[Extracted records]
──────────────────────────────

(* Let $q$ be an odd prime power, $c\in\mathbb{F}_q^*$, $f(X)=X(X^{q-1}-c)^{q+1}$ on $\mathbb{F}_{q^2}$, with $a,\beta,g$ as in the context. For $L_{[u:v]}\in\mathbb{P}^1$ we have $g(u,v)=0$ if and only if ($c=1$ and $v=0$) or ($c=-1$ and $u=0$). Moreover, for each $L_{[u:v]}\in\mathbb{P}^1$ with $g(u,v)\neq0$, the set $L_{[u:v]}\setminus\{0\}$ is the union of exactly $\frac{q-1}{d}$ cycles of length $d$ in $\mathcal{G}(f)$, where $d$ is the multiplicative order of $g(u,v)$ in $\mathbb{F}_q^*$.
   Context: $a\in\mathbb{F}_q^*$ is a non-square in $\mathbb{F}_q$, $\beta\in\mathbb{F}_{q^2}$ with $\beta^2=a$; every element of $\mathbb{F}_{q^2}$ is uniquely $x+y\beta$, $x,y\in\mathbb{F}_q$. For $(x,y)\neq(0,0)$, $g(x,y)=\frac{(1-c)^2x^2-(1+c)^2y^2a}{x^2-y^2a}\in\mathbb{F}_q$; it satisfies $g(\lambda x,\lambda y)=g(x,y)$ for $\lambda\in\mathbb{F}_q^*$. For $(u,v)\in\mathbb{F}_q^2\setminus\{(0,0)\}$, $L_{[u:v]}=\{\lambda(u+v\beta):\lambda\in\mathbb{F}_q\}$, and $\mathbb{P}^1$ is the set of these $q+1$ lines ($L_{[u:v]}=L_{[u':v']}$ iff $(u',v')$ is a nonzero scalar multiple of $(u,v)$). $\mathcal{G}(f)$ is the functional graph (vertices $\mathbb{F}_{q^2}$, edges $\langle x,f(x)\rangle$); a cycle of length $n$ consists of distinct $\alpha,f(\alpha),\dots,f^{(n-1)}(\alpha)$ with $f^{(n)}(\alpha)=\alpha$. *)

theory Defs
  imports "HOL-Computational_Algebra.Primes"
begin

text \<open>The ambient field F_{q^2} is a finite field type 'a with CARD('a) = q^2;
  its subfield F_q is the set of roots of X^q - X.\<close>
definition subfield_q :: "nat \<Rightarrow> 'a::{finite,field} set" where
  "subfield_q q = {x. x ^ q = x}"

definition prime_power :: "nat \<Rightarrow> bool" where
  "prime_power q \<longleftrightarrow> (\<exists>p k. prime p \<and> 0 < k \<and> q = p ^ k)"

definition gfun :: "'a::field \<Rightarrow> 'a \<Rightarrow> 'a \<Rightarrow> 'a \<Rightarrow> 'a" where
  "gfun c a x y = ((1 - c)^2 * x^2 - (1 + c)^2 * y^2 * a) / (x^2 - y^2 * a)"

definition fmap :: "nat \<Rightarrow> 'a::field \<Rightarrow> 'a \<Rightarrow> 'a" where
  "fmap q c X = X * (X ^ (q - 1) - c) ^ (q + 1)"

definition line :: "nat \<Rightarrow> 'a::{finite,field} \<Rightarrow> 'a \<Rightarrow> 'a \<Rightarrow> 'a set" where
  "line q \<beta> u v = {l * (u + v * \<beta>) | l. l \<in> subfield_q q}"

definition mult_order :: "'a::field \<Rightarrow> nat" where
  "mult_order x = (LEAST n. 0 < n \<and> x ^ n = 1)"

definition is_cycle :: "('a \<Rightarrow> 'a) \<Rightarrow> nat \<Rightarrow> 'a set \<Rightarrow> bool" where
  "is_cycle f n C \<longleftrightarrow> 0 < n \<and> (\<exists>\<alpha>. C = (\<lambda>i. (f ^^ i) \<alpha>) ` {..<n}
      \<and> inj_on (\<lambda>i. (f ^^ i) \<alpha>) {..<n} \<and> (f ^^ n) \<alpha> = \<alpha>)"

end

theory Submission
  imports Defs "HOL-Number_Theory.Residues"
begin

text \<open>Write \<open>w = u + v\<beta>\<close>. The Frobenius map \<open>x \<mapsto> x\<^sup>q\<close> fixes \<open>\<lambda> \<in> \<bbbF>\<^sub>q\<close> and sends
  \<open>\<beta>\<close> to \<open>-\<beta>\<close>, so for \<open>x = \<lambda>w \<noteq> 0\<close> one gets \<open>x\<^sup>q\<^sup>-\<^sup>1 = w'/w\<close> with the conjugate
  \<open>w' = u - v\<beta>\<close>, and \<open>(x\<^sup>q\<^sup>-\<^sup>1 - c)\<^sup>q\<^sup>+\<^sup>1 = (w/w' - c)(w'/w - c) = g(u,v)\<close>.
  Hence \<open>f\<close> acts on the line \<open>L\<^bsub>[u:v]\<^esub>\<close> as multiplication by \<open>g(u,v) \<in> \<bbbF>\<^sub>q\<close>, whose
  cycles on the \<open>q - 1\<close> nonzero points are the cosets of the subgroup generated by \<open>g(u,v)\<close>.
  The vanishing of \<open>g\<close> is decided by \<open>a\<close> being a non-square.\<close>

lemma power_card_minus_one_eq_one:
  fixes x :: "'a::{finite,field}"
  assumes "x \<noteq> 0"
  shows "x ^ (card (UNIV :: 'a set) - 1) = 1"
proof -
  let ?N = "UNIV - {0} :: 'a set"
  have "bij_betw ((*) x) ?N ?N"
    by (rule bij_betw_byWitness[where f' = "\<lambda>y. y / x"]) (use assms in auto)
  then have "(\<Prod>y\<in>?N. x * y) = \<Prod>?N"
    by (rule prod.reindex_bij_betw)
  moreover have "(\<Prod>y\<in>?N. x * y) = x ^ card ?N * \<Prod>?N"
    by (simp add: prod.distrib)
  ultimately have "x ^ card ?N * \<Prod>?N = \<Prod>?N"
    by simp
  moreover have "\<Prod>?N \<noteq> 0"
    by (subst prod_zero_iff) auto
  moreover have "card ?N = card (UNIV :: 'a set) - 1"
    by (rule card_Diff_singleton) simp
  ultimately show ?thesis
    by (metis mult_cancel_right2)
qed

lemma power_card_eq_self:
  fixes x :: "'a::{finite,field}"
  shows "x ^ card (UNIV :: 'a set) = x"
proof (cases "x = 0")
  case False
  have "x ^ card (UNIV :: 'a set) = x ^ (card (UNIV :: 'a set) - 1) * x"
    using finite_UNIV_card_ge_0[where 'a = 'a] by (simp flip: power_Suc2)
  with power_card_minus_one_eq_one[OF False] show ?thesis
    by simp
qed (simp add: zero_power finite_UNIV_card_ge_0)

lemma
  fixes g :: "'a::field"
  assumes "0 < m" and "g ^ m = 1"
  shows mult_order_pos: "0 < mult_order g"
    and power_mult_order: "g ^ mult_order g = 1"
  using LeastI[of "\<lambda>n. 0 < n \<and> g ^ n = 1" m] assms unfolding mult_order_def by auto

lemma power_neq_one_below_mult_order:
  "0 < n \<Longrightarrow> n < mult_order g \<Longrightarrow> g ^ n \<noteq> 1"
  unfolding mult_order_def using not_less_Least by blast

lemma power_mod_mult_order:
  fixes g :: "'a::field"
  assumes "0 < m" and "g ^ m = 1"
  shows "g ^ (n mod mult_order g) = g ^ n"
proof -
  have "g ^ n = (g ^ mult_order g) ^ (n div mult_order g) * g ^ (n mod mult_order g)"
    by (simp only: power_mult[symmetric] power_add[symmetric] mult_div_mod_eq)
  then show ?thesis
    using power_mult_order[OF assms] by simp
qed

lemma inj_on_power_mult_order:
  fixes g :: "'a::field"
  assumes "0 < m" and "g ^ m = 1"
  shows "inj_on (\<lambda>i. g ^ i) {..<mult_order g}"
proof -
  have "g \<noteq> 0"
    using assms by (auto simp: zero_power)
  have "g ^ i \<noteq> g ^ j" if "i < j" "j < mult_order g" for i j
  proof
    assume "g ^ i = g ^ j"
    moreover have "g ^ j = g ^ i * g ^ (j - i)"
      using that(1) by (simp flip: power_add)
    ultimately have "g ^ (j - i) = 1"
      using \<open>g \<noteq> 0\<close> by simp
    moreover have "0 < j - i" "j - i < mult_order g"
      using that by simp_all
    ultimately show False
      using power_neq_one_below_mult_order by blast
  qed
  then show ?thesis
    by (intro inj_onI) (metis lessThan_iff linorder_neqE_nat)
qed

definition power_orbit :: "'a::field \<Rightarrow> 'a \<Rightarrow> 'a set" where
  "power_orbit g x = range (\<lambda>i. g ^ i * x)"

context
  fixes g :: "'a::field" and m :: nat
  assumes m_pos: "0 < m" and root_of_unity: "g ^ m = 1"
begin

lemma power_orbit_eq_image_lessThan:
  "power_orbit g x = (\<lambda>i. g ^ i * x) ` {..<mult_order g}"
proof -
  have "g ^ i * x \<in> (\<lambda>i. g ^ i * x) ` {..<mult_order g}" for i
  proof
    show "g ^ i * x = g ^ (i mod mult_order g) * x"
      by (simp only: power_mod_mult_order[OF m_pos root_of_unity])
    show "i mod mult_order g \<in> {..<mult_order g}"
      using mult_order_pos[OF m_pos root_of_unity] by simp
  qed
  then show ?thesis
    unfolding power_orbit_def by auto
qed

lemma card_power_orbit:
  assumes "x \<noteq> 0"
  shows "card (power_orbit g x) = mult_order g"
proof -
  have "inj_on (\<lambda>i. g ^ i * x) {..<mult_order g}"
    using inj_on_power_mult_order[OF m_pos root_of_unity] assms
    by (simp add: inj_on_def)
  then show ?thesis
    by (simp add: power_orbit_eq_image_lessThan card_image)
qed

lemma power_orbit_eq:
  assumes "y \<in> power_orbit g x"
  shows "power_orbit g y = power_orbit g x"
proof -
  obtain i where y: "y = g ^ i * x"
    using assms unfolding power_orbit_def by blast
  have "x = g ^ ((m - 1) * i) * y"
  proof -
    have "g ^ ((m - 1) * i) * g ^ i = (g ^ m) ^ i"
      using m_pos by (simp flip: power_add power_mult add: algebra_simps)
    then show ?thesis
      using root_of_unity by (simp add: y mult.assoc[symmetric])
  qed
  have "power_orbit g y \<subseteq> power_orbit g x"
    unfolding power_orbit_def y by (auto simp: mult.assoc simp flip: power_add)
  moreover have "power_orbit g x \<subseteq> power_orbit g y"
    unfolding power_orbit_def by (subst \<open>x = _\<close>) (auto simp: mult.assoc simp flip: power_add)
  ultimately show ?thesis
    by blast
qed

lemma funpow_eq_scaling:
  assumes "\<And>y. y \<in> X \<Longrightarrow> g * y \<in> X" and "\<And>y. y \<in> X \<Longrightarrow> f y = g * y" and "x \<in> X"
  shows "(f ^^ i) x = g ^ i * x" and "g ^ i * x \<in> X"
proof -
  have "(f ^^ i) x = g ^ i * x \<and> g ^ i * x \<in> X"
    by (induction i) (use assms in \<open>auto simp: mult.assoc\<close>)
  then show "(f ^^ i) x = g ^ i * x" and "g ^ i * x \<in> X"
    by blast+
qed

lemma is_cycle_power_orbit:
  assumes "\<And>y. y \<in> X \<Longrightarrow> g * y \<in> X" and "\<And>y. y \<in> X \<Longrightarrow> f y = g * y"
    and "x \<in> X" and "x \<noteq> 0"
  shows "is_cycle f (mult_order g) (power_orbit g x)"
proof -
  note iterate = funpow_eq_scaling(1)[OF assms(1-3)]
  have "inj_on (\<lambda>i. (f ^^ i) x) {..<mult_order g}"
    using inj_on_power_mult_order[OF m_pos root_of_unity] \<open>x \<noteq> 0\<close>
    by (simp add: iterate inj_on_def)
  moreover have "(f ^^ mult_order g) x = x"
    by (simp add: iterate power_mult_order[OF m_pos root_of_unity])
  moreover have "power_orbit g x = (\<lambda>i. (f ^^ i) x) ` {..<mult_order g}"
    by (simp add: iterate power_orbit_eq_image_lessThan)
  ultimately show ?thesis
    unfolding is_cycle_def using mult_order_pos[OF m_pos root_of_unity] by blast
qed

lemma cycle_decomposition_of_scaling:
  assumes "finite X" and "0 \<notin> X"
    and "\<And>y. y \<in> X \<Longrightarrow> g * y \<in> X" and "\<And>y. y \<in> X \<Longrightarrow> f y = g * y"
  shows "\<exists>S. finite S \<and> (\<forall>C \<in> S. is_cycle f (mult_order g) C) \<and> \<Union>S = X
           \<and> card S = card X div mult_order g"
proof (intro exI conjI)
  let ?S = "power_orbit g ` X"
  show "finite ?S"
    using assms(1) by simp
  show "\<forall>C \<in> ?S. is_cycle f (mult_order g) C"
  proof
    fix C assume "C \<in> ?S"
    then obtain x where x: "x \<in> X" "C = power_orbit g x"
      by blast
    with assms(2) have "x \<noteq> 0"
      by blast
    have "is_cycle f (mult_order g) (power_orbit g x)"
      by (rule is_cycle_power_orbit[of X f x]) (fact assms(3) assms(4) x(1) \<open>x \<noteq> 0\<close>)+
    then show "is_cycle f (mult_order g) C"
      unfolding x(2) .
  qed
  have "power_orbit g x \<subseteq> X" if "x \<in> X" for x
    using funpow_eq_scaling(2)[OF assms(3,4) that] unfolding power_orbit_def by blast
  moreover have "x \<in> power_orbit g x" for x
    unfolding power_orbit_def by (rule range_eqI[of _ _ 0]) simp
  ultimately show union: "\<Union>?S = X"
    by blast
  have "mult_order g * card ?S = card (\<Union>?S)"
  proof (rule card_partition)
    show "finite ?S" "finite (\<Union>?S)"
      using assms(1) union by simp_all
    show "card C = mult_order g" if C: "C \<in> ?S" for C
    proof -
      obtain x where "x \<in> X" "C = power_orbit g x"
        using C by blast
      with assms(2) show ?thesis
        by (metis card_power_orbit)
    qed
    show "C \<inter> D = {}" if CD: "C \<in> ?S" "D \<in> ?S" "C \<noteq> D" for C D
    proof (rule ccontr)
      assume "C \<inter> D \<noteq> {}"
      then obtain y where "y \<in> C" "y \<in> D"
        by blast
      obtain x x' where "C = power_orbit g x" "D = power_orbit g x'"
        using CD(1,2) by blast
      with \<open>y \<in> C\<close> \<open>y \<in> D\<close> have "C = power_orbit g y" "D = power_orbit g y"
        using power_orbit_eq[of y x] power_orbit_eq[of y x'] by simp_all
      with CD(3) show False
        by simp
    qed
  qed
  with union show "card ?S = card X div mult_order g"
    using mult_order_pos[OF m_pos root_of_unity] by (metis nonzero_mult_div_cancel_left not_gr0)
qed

──────────────────────────────

*WORK TO BE COMPLETED*.
Take the lines above from the one containing "by (simp only: power_mult[symmetric]" to the one containing "ultimately show False" and retype them exactly, both ends included, with nothing added.

*YOUR RESPONSE*.
    by (simp only: power_mult[symmetric] power_add[symmetric] mult_div_mod_eq)
  then show ?thesis
    using power_mult_order[OF assms] by simp
qed

lemma inj_on_power_mult_order:
  fixes g :: "'a::field"
  assumes "0 < m" and "g ^ m = 1"
  shows "inj_on (\<lambda>i. g ^ i) {..<mult_order g}"
proof -
  have "g \<noteq> 0"
    using assms by (auto simp: zero_power)
  have "g ^ i \<noteq> g ^ j" if "i < j" "j < mult_order g" for i j
  proof
    assume "g ^ i = g ^ j"
    moreover have "g ^ j = g ^ i * g ^ (j - i)"
      using that(1) by (simp flip: power_add)
    ultimately have "g ^ (j - i) = 1"
      using \<open>g \<noteq> 0\<close> by simp
    moreover have "0 < j - i" "j - i < mult_order g"
      using that by simp_all
    ultimately show False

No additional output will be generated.